Bisht9887 / Wordcloud-using-Python

0 stars 0 forks source link

tf_idf Vectorizer giving different shape of an element before and after saving it #1

Open Bisht9887 opened 5 years ago

Bisht9887 commented 5 years ago

I am using tf_idf vectorizer on dummy data as shown in the code. If I print the shape of an element after vectorization, I get the output (14,). When I save the vectorizer and later transform using that vectorizer then the shape is (1,14). May I know if anything is done wrong or is it a bug? Running the two below two lines gives different outputs. May I know why is it so?

print(file_data[0].shape)
output: (14,)

print(transformed_file.shape)
output: (1,14)
Bisht9887 commented 5 years ago
from sklearn.feature_extraction.text import TfidfVectorizer
import pickle

file_list = ["Google headquarters is in California", "Steve Jobs was a great  man",
    "Steve Jobs has done great technology innovations"]

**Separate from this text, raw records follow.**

theorem mainTheorem13:
  fixes p :: nat and h :: "int poly" and v :: "'k::field \<Rightarrow> ereal"
    and R :: "'k multiset" and m :: 'k
  assumes "prime p"
    and "lead_coeff h = 1"
    and "is_padic_valuation p v"
    and "map_poly of_int h = (\<Prod>\<delta>\<in>#R. [:- \<delta>, 1:])"
    and "padic_integer v m"
  shows "(\<forall>t::real. t > 0 \<longrightarrow> chi_hat v R m t \<in> \<nat>)
    \<and> (\<forall>s t::real. 0 < s \<longrightarrow> s \<le> t \<longrightarrow> chi_hat v R m t \<le> chi_hat v R m s)
    \<and> v (poly (map_poly of_int h) m)
        = enn2ereal (\<integral>\<^sup>+ s\<in>{0..}. ennreal (real (chi v R m s)) \<partial>lborel)
    \<and> (\<integral>\<^sup>+ s\<in>{0..}. ennreal (real (chi v R m s)) \<partial>lborel)
        = (\<Sum>n. ennreal (chi_hat v R m (real (Suc n))))"
proof -
  interpret padic_valuation p v
    by (rule padic_valuation.intro) fact
  have ints: "coeff (\<Prod>\<delta>\<in>#R. [:-\<delta>, 1:]) k \<in> \<int>" for k
    unfolding assms(4)[symmetric] by (simp add: coeff_map_poly)
  have nonneg: "0 \<le> v (m - d)" if "d \<in># R" for d
    using v_diff_nonneg padic_integer_valuation_nonneg[OF assms(5)]
      root_valuation_nonneg[OF ints that] by blast
  have "v (poly (map_poly of_int h) m) = (\<Sum>d\<in>#R. v (m - d))"
    unfolding assms(4) poly_prod_mset v_prod_mset by simp
  also have "\<dots> = enn2ereal (\<integral>\<^sup>+ s\<in>{0..}. ennreal (real (chi v R m s)) \<partial>lborel)"
    by (simp add: nn_integral_chi nonneg enn2ereal_sum_mset enn2ereal_e2ennreal cong: image_mset_cong)
  finally show ?thesis
    using chi_hat_Nats[of R v m, OF nonneg sum_min_valuation_nat[OF assms(1) ints assms(5)]]
      chi_hat_antimono nn_integral_chi_eq_suminf_chi_hat[of R v m, OF nonneg]
    by blast
qed

end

transformer = TfidfVectorizer().fit(file_list)
file_data = transformer.transform(file_list)
with open('transformer.pickle', 'wb') as handle:
    pickle.dump(transformer, handle, protocol=pickle.HIGHEST_PROTOCOL)
file_data = file_data.toarray()
with open('transformer.pickle', 'rb') as handle:
    transformer = pickle.load(handle)
transformed_file = transformer.transform([file_list[0]]).toarray(

print(file_data[0].shape)
# output: (14,)

print(transformed_file.shape)
# output: (1,14)

# why different output?